▸ **Work request**
Return the material unaltered, line by line.

▸ **Extracted material**
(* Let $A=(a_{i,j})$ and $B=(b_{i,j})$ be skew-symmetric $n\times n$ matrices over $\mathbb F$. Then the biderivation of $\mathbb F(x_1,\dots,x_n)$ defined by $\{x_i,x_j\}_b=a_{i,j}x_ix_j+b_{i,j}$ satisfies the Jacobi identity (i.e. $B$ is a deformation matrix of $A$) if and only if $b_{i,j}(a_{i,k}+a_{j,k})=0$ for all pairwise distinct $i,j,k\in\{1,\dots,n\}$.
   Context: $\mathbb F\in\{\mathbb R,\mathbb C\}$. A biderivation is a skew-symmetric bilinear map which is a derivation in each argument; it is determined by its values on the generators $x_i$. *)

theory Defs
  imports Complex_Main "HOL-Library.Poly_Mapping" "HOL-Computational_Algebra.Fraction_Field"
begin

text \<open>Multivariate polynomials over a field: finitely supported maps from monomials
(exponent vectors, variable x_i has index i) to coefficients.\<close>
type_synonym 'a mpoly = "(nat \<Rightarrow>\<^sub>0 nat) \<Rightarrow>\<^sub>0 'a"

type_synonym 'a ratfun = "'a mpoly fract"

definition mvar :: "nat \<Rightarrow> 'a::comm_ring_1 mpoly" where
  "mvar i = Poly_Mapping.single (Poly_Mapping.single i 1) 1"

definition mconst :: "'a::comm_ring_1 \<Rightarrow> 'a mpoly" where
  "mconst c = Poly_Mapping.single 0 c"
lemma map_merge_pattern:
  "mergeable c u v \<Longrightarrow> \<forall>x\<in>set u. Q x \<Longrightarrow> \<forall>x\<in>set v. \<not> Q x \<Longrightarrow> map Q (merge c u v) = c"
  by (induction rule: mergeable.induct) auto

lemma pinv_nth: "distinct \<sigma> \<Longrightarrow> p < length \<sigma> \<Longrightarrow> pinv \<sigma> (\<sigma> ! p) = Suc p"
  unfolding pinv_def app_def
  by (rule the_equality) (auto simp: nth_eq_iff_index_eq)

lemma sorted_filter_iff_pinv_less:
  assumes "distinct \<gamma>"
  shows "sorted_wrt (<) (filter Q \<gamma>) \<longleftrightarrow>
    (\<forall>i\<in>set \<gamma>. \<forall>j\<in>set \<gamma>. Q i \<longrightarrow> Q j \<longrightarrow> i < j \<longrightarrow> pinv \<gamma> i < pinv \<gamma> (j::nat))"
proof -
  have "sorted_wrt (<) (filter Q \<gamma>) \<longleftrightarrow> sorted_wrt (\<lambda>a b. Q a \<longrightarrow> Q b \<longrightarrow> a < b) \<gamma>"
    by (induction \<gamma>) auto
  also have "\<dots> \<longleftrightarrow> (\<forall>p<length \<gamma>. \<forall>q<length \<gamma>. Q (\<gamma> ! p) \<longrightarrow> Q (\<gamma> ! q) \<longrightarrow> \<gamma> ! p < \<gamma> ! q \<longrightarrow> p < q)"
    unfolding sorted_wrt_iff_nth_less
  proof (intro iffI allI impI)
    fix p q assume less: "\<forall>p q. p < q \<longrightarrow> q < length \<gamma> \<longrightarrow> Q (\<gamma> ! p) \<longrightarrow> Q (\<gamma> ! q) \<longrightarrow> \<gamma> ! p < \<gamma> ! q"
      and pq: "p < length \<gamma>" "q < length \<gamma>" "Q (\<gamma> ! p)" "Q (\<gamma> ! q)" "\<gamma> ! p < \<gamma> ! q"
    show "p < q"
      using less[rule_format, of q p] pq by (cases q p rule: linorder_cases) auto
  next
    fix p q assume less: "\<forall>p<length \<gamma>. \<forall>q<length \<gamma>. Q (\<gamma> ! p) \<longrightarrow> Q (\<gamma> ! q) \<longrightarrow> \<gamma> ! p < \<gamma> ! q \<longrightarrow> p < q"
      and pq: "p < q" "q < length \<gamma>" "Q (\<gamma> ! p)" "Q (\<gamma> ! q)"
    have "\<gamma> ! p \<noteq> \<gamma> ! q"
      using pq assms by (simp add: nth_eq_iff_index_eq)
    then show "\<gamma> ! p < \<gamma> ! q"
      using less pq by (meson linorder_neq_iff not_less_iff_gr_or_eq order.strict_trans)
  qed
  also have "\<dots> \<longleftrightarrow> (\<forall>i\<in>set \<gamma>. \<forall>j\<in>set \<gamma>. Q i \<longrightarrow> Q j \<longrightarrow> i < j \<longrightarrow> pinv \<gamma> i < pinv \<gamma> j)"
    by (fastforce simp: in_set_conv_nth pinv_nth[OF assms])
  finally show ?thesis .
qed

▸ **Finished task**
(* Let $A=(a_{i,j})$ and $B=(b_{i,j})$ be skew-symmetric $n\times n$ matrices over $\mathbb F$. Then the biderivation of $\mathbb F(x_1,\dots,x_n)$ defined by $\{x_i,x_j\}_b=a_{i,j}x_ix_j+b_{i,j}$ satisfies the Jacobi identity (i.e. $B$ is a deformation matrix of $A$) if and only if $b_{i,j}(a_{i,k}+a_{j,k})=0$ for all pairwise distinct $i,j,k\in\{1,\dots,n\}$.
   Context: $\mathbb F\in\{\mathbb R,\mathbb C\}$. A biderivation is a skew-symmetric bilinear map which is a derivation in each argument; it is determined by its values on the generators $x_i$. *)

theory Defs
  imports Complex_Main "HOL-Library.Poly_Mapping" "HOL-Computational_Algebra.Fraction_Field"
begin

text \<open>Multivariate polynomials over a field: finitely supported maps from monomials
(exponent vectors, variable x_i has index i) to coefficients.\<close>
type_synonym 'a mpoly = "(nat \<Rightarrow>\<^sub>0 nat) \<Rightarrow>\<^sub>0 'a"

type_synonym 'a ratfun = "'a mpoly fract"

definition mvar :: "nat \<Rightarrow> 'a::comm_ring_1 mpoly" where
  "mvar i = Poly_Mapping.single (Poly_Mapping.single i 1) 1"

definition mconst :: "'a::comm_ring_1 \<Rightarrow> 'a mpoly" where
  "mconst c = Poly_Mapping.single 0 c"
lemma map_merge_pattern:
  "mergeable c u v \<Longrightarrow> \<forall>x\<in>set u. Q x \<Longrightarrow> \<forall>x\<in>set v. \<not> Q x \<Longrightarrow> map Q (merge c u v) = c"
  by (induction rule: mergeable.induct) auto

lemma pinv_nth: "distinct \<sigma> \<Longrightarrow> p < length \<sigma> \<Longrightarrow> pinv \<sigma> (\<sigma> ! p) = Suc p"
  unfolding pinv_def app_def
  by (rule the_equality) (auto simp: nth_eq_iff_index_eq)

lemma sorted_filter_iff_pinv_less:
  assumes "distinct \<gamma>"
  shows "sorted_wrt (<) (filter Q \<gamma>) \<longleftrightarrow>
    (\<forall>i\<in>set \<gamma>. \<forall>j\<in>set \<gamma>. Q i \<longrightarrow> Q j \<longrightarrow> i < j \<longrightarrow> pinv \<gamma> i < pinv \<gamma> (j::nat))"
proof -
  have "sorted_wrt (<) (filter Q \<gamma>) \<longleftrightarrow> sorted_wrt (\<lambda>a b. Q a \<longrightarrow> Q b \<longrightarrow> a < b) \<gamma>"
    by (induction \<gamma>) auto
  also have "\<dots> \<longleftrightarrow> (\<forall>p<length \<gamma>. \<forall>q<length \<gamma>. Q (\<gamma> ! p) \<longrightarrow> Q (\<gamma> ! q) \<longrightarrow> \<gamma> ! p < \<gamma> ! q \<longrightarrow> p < q)"
    unfolding sorted_wrt_iff_nth_less
  proof (intro iffI allI impI)
    fix p q assume less: "\<forall>p q. p < q \<longrightarrow> q < length \<gamma> \<longrightarrow> Q (\<gamma> ! p) \<longrightarrow> Q (\<gamma> ! q) \<longrightarrow> \<gamma> ! p < \<gamma> ! q"
      and pq: "p < length \<gamma>" "q < length \<gamma>" "Q (\<gamma> ! p)" "Q (\<gamma> ! q)" "\<gamma> ! p < \<gamma> ! q"
    show "p < q"
      using less[rule_format, of q p] pq by (cases q p rule: linorder_cases) auto
  next
    fix p q assume less: "\<forall>p<length \<gamma>. \<forall>q<length \<gamma>. Q (\<gamma> ! p) \<longrightarrow> Q (\<gamma> ! q) \<longrightarrow> \<gamma> ! p < \<gamma> ! q \<longrightarrow> p < q"
      and pq: "p < q" "q < length \<gamma>" "Q (\<gamma> ! p)" "Q (\<gamma> ! q)"
    have "\<gamma> ! p \<noteq> \<gamma> ! q"
      using pq assms by (simp add: nth_eq_iff_index_eq)
    then show "\<gamma> ! p < \<gamma> ! q"
      using less pq by (meson linorder_neq_iff not_less_iff_gr_or_eq order.strict_trans)
  qed
  also have "\<dots> \<longleftrightarrow> (\<forall>i\<in>set \<gamma>. \<forall>j\<in>set \<gamma>. Q i \<longrightarrow> Q j \<longrightarrow> i < j \<longrightarrow> pinv \<gamma> i < pinv \<gamma> j)"
    by (fastforce simp: in_set_conv_nth pinv_nth[OF assms])
  finally show ?thesis .
qed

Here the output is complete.